So gut wie jeder hat bei der größten Auskunftei Deutschlands, der Schufa, ein Scoring. Es ist ausreichend, dass Sie ein Bankkonto eröffnet oder eine Kreditkarte beantragt haben. Dann wird für Sie zugleich ein entsprechender Wert angelegt. So gesehen gibt es bei {einer seriösen Bank} den „Kredit ohne Schufa“ nicht, bestenfalls einen „Kredit trotz Schufa-Eintrag“. Einen „negativen Schufa Eintrag“ haben nur sehr wenige Verbraucher, obwohl viele das denken. In Wirklichkeit ist das Scoring der allermeisten Personen bei der Auskunftei durchweg positiv

Ermitteln Sie am besten schon im Vorfeld, ob Ihr Scoring (der so genannte Bonitätsscore) tatsächlich so mangelhaft ist, dass die Bewilligung Ihres Kreditantrags bei einer Bank Schwierigkeiten bereiten könnte. Pro Jahr einmal bewilligt die Schufa sowohl Unternehmen als auch Privatpersonen eine gebührenfreie Abfrage des „Schufa Score“. Seit 2010 kann man eine so genannte Selbstauskunft bei der Auskunftei einholen, um festzustellen, welche persönlichen Daten hinterlegt sind. Diese Infos stehen Ihnen im Prinzip pro Jahr einmal nach dem Bundesdatenschutzgesetz (BDSG) § 34 kostenfrei zu. Sie können Ihr persönliches Scoring (Schufascore) sowie Angaben darüber, welche Institute respektive Kreditbanken in den vergangenen Monaten eine Auskunft über Sie eingeholt haben, bei „MeineSchufa“ abfragen. Score-Wert hängt mit diversen „Ratings“ zusammen. Diese bewegen sich irgendwo zwischen 1 und 100. Je größer der Wert ist, desto besser ist auch die Bonität. 100 ist hierbei der maximale Wert und zeigt, dass die Ausfallwahrscheinlichkeit außerordentlich gering ist. Ein Scorewert von 50 andererseits heißt im Klartext, die Schufa geht von der Annahme aus, dass Zahlungsausfälle viel wahrscheinlicher sind.

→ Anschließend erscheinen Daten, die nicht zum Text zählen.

text \<open>The hypothesis \<open>slope\<close> holds when \<open>f\<close> is decreasing with \<open>F' = f\<close>; the sum is then a
  right Riemann sum of \<open>f\<close> with mesh \<open>d\<close>.\<close>
lemma sum_progression_le:
  fixes f F :: "real \<Rightarrow> real" and d r :: nat and x :: real
  assumes "r < d" "real r \<le> x" "0 \<le> f x"
    and slope: "\<And>u t. real r \<le> u \<Longrightarrow> u \<le> t \<Longrightarrow> t \<le> x \<Longrightarrow> (t - u) * f t \<le> F t - F u"
  shows "real d * (\<Sum>t | r < t \<and> real t \<le> x \<and> t mod d = r. f (real t)) \<le> F x - F r"
proof -
  define N where "N = nat \<lfloor>(x - r) / d\<rfloor>"
  define g where "g j = r + d * j" for j
  have d: "0 < d" using assms(1) by simp
  have "real N \<le> (x - r) / d" using assms(2) by (simp add: N_def)
  then have g_N: "real (g N) \<le> x" using d by (simp add: g_def field_simps)
  have telescope: "real d * (\<Sum>j\<in>{1..k}. f (g j)) \<le> F (g k) - F r" if "k \<le> N" for k
    using that
  proof (induction k)
    case (Suc k)
    have "g (Suc k) \<le> g N" using Suc.prems by (simp add: g_def del: mult_Suc_right)
    then have "real (g (Suc k)) \<le> x" using g_N of_nat_le_iff[of "g (Suc k)" "g N"] by linarith
    then have "(real (g (Suc k)) - real (g k)) * f (g (Suc k)) \<le> F (g (Suc k)) - F (g k)"
      by (intro slope) (auto simp: g_def)
    then show ?case using Suc by (simp add: g_def algebra_simps)
  qed (simp add: g_def)
  have "{t. r < t \<and> real t \<le> x \<and> t mod d = r} = g ` {1..N}"
    using progression_eq_image[OF assms(1,2)] unfolding g_def N_def .
  moreover have "inj_on g {1..N}" using d by (simp add: g_def inj_on_def)
  ultimately have "real d * (\<Sum>t | r < t \<and> real t \<le> x \<and> t mod d = r. f (real t))
      = real d * (\<Sum>j\<in>{1..N}. f (g j))"
    by (simp add: sum.reindex)
  also have "\<dots> \<le> F (g N) - F r" by (rule telescope) simp
  also have "\<dots> \<le> F x - F r"
  proof -
    have "0 \<le> (x - g N) * f x" using g_N assms(3) by simp
    also have "\<dots> \<le> F x - F (g N)" using g_N by (intro slope) (auto simp: g_def)
    finally show ?thesis by simp
  qed
  finally show ?thesis .
qed

lemma sum_primes_ln_ratio_le:
  fixes x :: real
  assumes "5 \<le> x"
  shows "(\<Sum>p | prime p \<and> real p \<le> x. 2 * ln (x / p) + ln 2)
    \<le> x * (2 + ln 2) / 3 + 4 * ln x - 2 - 2 * ln 3"
proof -
  define w where "w t = 2 * ln (x / t) + ln 2" for t
  define W where "W s = s * (2 * ln (x / s) + 2 + ln 2)" for s
    \<comment> \<open>an antiderivative of the decreasing function \<open>w\<close>\<close>
  define C where "C r = {t. r < t \<and> real t \<le> x \<and> t mod 6 = r}" for r :: nat
  have w_nonneg: "0 \<le> w t" if "0 < t" "t \<le> x" for t
    using that by (simp add: w_def)
  have W_slope: "(t - u) * w t \<le> W t - W u" if "0 < u" "u \<le> t" for u t
  proof -
    have "ln (t / u) \<le> t / u - 1" using that by (intro ln_le_minus_one) auto
    then have "u * (ln t - ln u) \<le> t - u" using that by (simp add: ln_div field_simps)
    then show ?thesis using that assms by (simp add: w_def W_def ln_div algebra_simps)
  qed
  have finite_le: "finite {t::nat. real t \<le> x}"
    by (rule finite_subset[of _ "{..nat \<lfloor>x\<rfloor>}"]) (auto intro: le_nat_floor)
  have class_1: "6 * (\<Sum>t\<in>C 1. w t) \<le> W x - W 1"
    using sum_progression_le[of 1 6 x w W] assms w_nonneg W_slope by (auto simp: C_def)
  have class_5: "6 * (\<Sum>t\<in>C 5. w t) \<le> W x - W 5"
    using sum_progression_le[of 5 6 x w W] assms w_nonneg W_slope by (auto simp: C_def)
  have "p \<in> {2, 3, 5} \<union> C 1 \<union> C 5" if p: "prime p" "real p \<le> x" for p
  proof -
    have "1 < p" using prime_gt_1_nat[OF p(1)] .
    consider "p = 2" | "p = 3" | "p mod 6 = 1" | (mod_5) "p mod 6 = 5"
      using prime_mod_6_cases[OF p(1)] by blast
    then show ?thesis
    proof cases
      case mod_5
      then have "p = 5 \<or> 5 < p" using \<open>1 < p\<close> by presburger
      then show ?thesis using mod_5 p by (auto simp: C_def)
    qed (use \<open>1 < p\<close> p in \<open>auto simp: C_def\<close>)
  qed
  then have "{p. prime p \<and> real p \<le> x} \<subseteq> {2, 3, 5} \<union> C 1 \<union> C 5"
    by blast
  moreover have "finite ({2, 3, 5} \<union> C 1 \<union> C 5)"
    unfolding C_def by (auto intro: finite_subset[OF _ finite_le])
  ultimately have "(\<Sum>p | prime p \<and> real p \<le> x. w p) \<le> (\<Sum>t\<in>{2, 3, 5} \<union> C 1 \<union> C 5. w t)"
    using assms by (intro sum_mono2) (auto simp: C_def intro!: w_nonneg)
  also have "\<dots> = w 2 + w 3 + w 5 + (\<Sum>t\<in>C 1. w t) + (\<Sum>t\<in>C 5. w t)"
    using finite_le by (subst sum.union_disjoint; auto simp: C_def intro: finite_subset[OF _ finite_le])+
  also have "\<dots> \<le> w 2 + w 3 + w 5 + (W x - W 1) / 6 + (W x - W 5) / 6"
    using class_1 class_5 by (simp add: field_simps)
  also have "\<dots> = x * (2 + ln 2) / 3 + 4 * ln x - 2 - 2 * ln 3 - ln 5 / 3"
    using assms by (simp add: w_def W_def ln_div field_simps)
  also have "\<dots> \<le> x * (2 + ln 2) / 3 + 4 * ln x - 2 - 2 * ln 3"
    by simp
  finally show ?thesis by (simp add: w_def)
qed
(* For any interval exchange $f\in\mathcal{E}$, either $d(f^n)$ exhibits linear growth in $n$ or $d(f^n)$ is bounded independently of $n$.
   Context: Identify $\mathbb{T}^1=\mathbb{R}/\mathbb{Z}$ with $[0,1)$. An interval exchange transformation is a bijection of $\mathbb{T}^1$ that is a translation on each piece of some partition of $[0,1)$ into finitely many half-open intervals $[a,b)$; $\mathcal{E}$ is the group of these. $d(g)$ is the number of points at which $g$ is discontinuous as a map $\mathbb{T}^1\to\mathbb{T}^1$ with the standard circle topology. Linear growth means there is $c>0$ with $d(f^n)\ge c|n|$ for all sufficiently large $|n|$ (one always has $d(f^n)\le d(f)|n|$). *)

theory Defs
  imports "HOL-Analysis.Analysis"
begin

text \<open>The circle T^1 = R/Z is identified with [0,1). Maps of the circle are
represented by functions real => real, only their values on [0,1) matter.\<close>

definition circ :: "real set" where
  "circ = {0..<1}"

definition cdist :: "real \<Rightarrow> real \<Rightarrow> real" where
  "cdist u v = \<bar>(u - v) - of_int (round (u - v))\<bar>"

definition iet :: "(real \<Rightarrow> real) \<Rightarrow> bool" where
  "iet f \<longleftrightarrow> bij_betw f circ circ \<and>
     (\<exists>(a::nat \<Rightarrow> real) (k::nat). a 0 = 0 \<and> a k = 1 \<and> (\<forall>i<k. a i < a (Suc i)) \<and>
        (\<forall>i<k. \<exists>c. \<forall>x\<in>{a i..<a (Suc i)}. f x = x + c))"

text \<open>g is discontinuous at x (x in [0,1)) as a map T^1 -> T^1 with the circle topology:
points near x on the circle are the reals y near x taken mod 1.\<close>
definition discont_at :: "(real \<Rightarrow> real) \<Rightarrow> real \<Rightarrow> bool" where
  "discont_at g x \<longleftrightarrow> \<not> (((\<lambda>y. cdist (g (frac y)) (g x)) \<longlongrightarrow> 0) (at x))"

definition d :: "(real \<Rightarrow> real) \<Rightarrow> nat" where
  "d g = card {x \<in> circ. discont_at g x}"
(* Let $n\geq 3$ and let $T$ be the $n\times n$ symmetric tridiagonal matrix with diagonal entries $T_{ii}=a_i\geq 0$ ($1\le i\le n$), off-diagonal entries $T_{j,j+1}=T_{j+1,j}=b_j\geq 0$ ($1\le j\le n-1$), and all other entries zero. Then $T$ is infinitely divisible if and only if $T$ is positive semidefinite and $b_ib_{i+1}=0$ for every $i\in\{1,2,\ldots,n-2\}$.
   Context: For a nonnegative matrix $A=[a_{ij}]$ and $r>0$, the Hadamard power is $A^{\circ r}=[a_{ij}^r]$. A nonnegative symmetric matrix $A$ is infinitely divisible if $A^{\circ r}$ is positive semidefinite for every $r>0$. *)

theory Defs
  imports "HOL-Analysis.Analysis"
begin

text \<open>Real n x n matrices are represented as functions nat => nat => real,
  with indices ranging over 1..n (entries outside are irrelevant).\<close>

definition psd :: "nat \<Rightarrow> (nat \<Rightarrow> nat \<Rightarrow> real) \<Rightarrow> bool" where
  "psd n A \<longleftrightarrow> (\<forall>i\<in>{1..n}. \<forall>j\<in>{1..n}. A i j = A j i) \<and>
     (\<forall>x :: nat \<Rightarrow> real. 0 \<le> (\<Sum>i=1..n. \<Sum>j=1..n. x i * A i j * x j))"

definition hadamard_pow :: "real \<Rightarrow> (nat \<Rightarrow> nat \<Rightarrow> real) \<Rightarrow> (nat \<Rightarrow> nat \<Rightarrow> real)" where
  "hadamard_pow r A = (\<lambda>i j. A i j powr r)"

definition infinitely_divisible :: "nat \<Rightarrow> (nat \<Rightarrow> nat \<Rightarrow> real) \<Rightarrow> bool" where
  "infinitely_divisible n A \<longleftrightarrow>
     (\<forall>i\<in>{1..n}. \<forall>j\<in>{1..n}. 0 \<le> A i j \<and> A i j = A j i) \<and>
     (\<forall>r::real. r > 0 \<longrightarrow> psd n (hadamard_pow r A))"

definition tridiag :: "(nat \<Rightarrow> real) \<Rightarrow> (nat \<Rightarrow> real) \<Rightarrow> (nat \<Rightarrow> nat \<Rightarrow> real)" where
  "tridiag a b = (\<lambda>i j. if i = j then a i else if j = i + 1 then b i
                        else if i = j + 1 then b j else 0)"

end

theory Submission
  imports Defs
begin

text \<open>As \<open>r \<rightarrow> 0\<^sup>+\<close>, every positive entry of \<open>T\<^sup>\<circ>\<^sup>r\<close> tends to 1 and every zero entry stays 0.
  If \<open>b\<^sub>i, b\<^sub>i\<^sub>+\<^sub>1 > 0\<close>, the vector \<open>(1, -1, 1)\<close> placed at \<open>i, i+1, i+2\<close> therefore
  gives \<open>T\<^sup>\<circ>\<^sup>r\<close> a quadratic form tending to at most \<open>3 - 4 < 0\<close>, so \<open>T\<close> is not infinitely
  divisible. Conversely, if no two consecutive \<open>b\<^sub>i\<close> are nonzero, the quadratic form of a
  tridiagonal matrix splits into independent \<open>1\<times>1\<close> and \<open>2\<times>2\<close> blocks, and it is nonnegative
  as soon as its diagonal and its \<open>2\<times>2\<close> principal minors are; these conditions survive
  Hadamard powers because \<open>(b\<^sup>r)\<^sup>2 = (b\<^sup>2)\<^sup>r \<le> (a a')\<^sup>r\<close>.\<close>

lemma psd_cong:
  assumes "\<forall>i\<in>{1..n}. \<forall>j\<in>{1..n}. A i j = B i j"
  shows "psd n A \<longleftrightarrow> psd n B"
  unfolding psd_def using assms by (auto intro!: sum.cong)

lemma infinitely_divisible_imp_psd:
  assumes "infinitely_divisible n A"
  shows "psd n A"
proof -
  have "psd n (hadamard_pow 1 A)"
    using assms unfolding infinitely_divisible_def by simp
  moreover have "\<forall>i\<in>{1..n}. \<forall>j\<in>{1..n}. hadamard_pow 1 A i j = A i j"
    using assms by (simp add: infinitely_divisible_def hadamard_pow_def)
  ultimately show ?thesis
    using psd_cong by blast
qed

lemma binary_form_nonneg_iff:
  fixes c e d :: real
  shows "(\<forall>u v. 0 \<le> c * u\<^sup>2 + e * v\<^sup>2 + 2 * d * u * v) \<longleftrightarrow> 0 \<le> c \<and> 0 \<le> e \<and> d\<^sup>2 \<le> c * e"
proof
  assume form: "\<forall>u v. 0 \<le> c * u\<^sup>2 + e * v\<^sup>2 + 2 * d * u * v"
  have c: "0 \<le> c" and e: "0 \<le> e"
    using form[rule_format, of 1 0] form[rule_format, of 0 1] by simp_all
  show "0 \<le> c \<and> 0 \<le> e \<and> d\<^sup>2 \<le> c * e"
  proof (cases "c = 0")
    case True
    have "(e + 4) * d\<^sup>2 \<le> 0"
      using form[rule_format, of "-(e + 2)" d] True by (simp add: power2_eq_square algebra_simps)
    then have "d\<^sup>2 \<le> 0"
      using e by (simp add: mult_le_0_iff)
    then show ?thesis
      using True e by simp
  next
    case False
    have "0 \<le> c * (c * e - d\<^sup>2)"
      using form[rule_format, of d "-c"] by (simp add: power2_eq_square algebra_simps)
    then show ?thesis
      using c e False by (simp add: zero_le_mult_iff)
  qed
next
  assume minors: "0 \<le> c \<and> 0 \<le> e \<and> d\<^sup>2 \<le> c * e"
  show "\<forall>u v. 0 \<le> c * u\<^sup>2 + e * v\<^sup>2 + 2 * d * u * v"
  proof (intro allI)
    fix u v :: real
    show "0 \<le> c * u\<^sup>2 + e * v\<^sup>2 + 2 * d * u * v"
    proof (cases "c = 0")
      case True
      then show ?thesis
        using minors by simp
    next
      case False
      have "c * (c * u\<^sup>2 + e * v\<^sup>2 + 2 * d * u * v) = (c * u + d * v)\<^sup>2 + (c * e - d\<^sup>2) * v\<^sup>2"
        by (simp add: power2_eq_square algebra_simps)
      also have "\<dots> \<ge> 0"
        using minors by simp
      finally show ?thesis
        using minors False by (simp add: zero_le_mult_iff)
    qed
  qed
qed

definition tridiag_form :: "(nat \<Rightarrow> real) \<Rightarrow> (nat \<Rightarrow> real) \<Rightarrow> nat \<Rightarrow> (nat \<Rightarrow> real) \<Rightarrow> real" where
  "tridiag_form c d n x = (\<Sum>i=1..n. c i * (x i)\<^sup>2) + 2 * (\<Sum>i=1..<n. d i * x i * x (Suc i))"

lemma tridiag_form_Suc:
  "tridiag_form c d (Suc n) x = tridiag_form c d n x + c (Suc n) * (x (Suc n))\<^sup>2
     + (if 1 \<le> n then 2 * d n * x n * x (Suc n) else 0)"
  unfolding tridiag_form_def by (simp add: sum.atLeastLessThan_Suc algebra_simps)

lemma quadratic_form_tridiag:
  "(\<Sum>i=1..n. \<Sum>j=1..n. x i * tridiag c d i j * x j) = tridiag_form c d n x"
proof (induction n)
  case 0
  then show ?case
    by (simp add: tridiag_form_def)
next
  case (Suc n)
  have last_column: "(\<Sum>i=1..n. x i * tridiag c d i (Suc n) * x (Suc n))
      = (if 1 \<le> n then d n * x n * x (Suc n) else 0)"
    by (subst sum.mono_neutral_right[where S="{n} \<inter> {1..n}"]) (auto simp: tridiag_def)
  have last_row: "(\<Sum>j=1..n. x (Suc n) * tridiag c d (Suc n) j * x j)
      = (if 1 \<le> n then d n * x n * x (Suc n) else 0)"
    by (subst sum.mono_neutral_right[where S="{n} \<inter> {1..n}"]) (auto simp: tridiag_def)
  have "(\<Sum>i=1..Suc n. \<Sum>j=1..Suc n. x i * tridiag c d i j * x j)
     = (\<Sum>i=1..n. \<Sum>j=1..n. x i * tridiag c d i j * x j)
       + (\<Sum>i=1..n. x i * tridiag c d i (Suc n) * x (Suc n))
       + (\<Sum>j=1..n. x (Suc n) * tridiag c d (Suc n) j * x j)
       + x (Suc n) * tridiag c d (Suc n) (Suc n) * x (Suc n)"
    by (simp add: sum.distrib)
  also have "\<dots> = tridiag_form c d (Suc n) x"
    unfolding last_column last_row Suc tridiag_form_Suc
    by (simp add: tridiag_def power2_eq_square)
  finally show ?case .
qed

lemma psd_tridiag_iff: "psd n (tridiag c d) \<longleftrightarrow> (\<forall>x. 0 \<le> tridiag_form c d n x)"
  unfolding psd_def quadratic_form_tridiag by (auto simp: tridiag_def)

lemma hadamard_pow_tridiag:
  "hadamard_pow r (tridiag a b) = tridiag (\<lambda>i. a i powr r) (\<lambda>i. b i powr r)"
  by (auto simp: hadamard_pow_def tridiag_def fun_eq_iff)

lemma tridiag_form_window:
  assumes support: "\<And>i. x i \<noteq> 0 \<Longrightarrow> i \<in> {j..k}" and "1 \<le> j" "k \<le> n"
  shows "tridiag_form c d n x = (\<Sum>i=j..k. c i * (x i)\<^sup>2) + 2 * (\<Sum>i=j..<k. d i * x i * x (Suc i))"
proof -
  have "(\<Sum>i=1..n. c i * (x i)\<^sup>2) = (\<Sum>i=j..k. c i * (x i)\<^sup>2)"
    using assms by (intro sum.mono_neutral_right) force+
  moreover have "(\<Sum>i=1..<n. d i * x i * x (Suc i)) = (\<Sum>i=j..<k. d i * x i * x (Suc i))"
  proof (intro sum.mono_neutral_right ballI)
    fix i assume "i \<in> {1..<n} - {j..<k}"
    then have "x i = 0 \<or> x (Suc i) = 0"
      using support by fastforce
    then show "d i * x i * x (Suc i) = 0"
      by auto
  qed (use assms in auto)
  ultimately show ?thesis
    unfolding tridiag_form_def by simp
qed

Unser Tipp: So können Sie einen „negativen Schufa-Eintrag löschen lassen“

Rechnung nicht beglichen – das kann jedem passieren. Es kann dafür diverse Ursachen geben: Sie waren zu der Zeit gerade im Urlaub, befanden sich zu der Zeit gerade in einem finanziellen Engpass oder haben durch einen Umzug eine neue Adresse. Auch eine Handyrechnung, die vergessen wurde, fristgemäß zu begleichen, kann über kurz oder lang eventuell Schwierigkeiten machen. Das geschieht schneller als man meint. Die Folge ist, es gibt einen ungünstigen Schufa-Eintrag und bekommt hinterher nur noch schwer einen Kredit. Wenn also durch mehrere Zahlungsaufforderungen der Scorewert abnimmt, hat dies mit Sicherheit Auswirkungen in Bezug auf die Beantragung eines Kredits.

Sie können hingegen als Verbraucher einen schlechten Schufa-Eintrag wieder entfernen lassen. Bei der Auskunftei sind beträchtliche Mengen an Daten gespeichert. Deshalb kann es vorkommen, dass hinterlegte Angaben häufig falsch oder veraltet sind. Nachdem Sie als Verbraucher das Recht auf eine Selbstauskunft haben, sollten Sie es unbedingt in Anspruch nehmen und dafür sorgen, dass Einträge, die nicht mehr aktuell sind entfernt werden. Eine solche Löschung wird immer gleich bei der Wirtschaftsauskunftei beantragt. {Sie müssen jedoch die Rechnung Der Betrag darf indessen 2.000 EUR nicht übersteigen und muss binnen sechs Wochen beglichen worden sein}.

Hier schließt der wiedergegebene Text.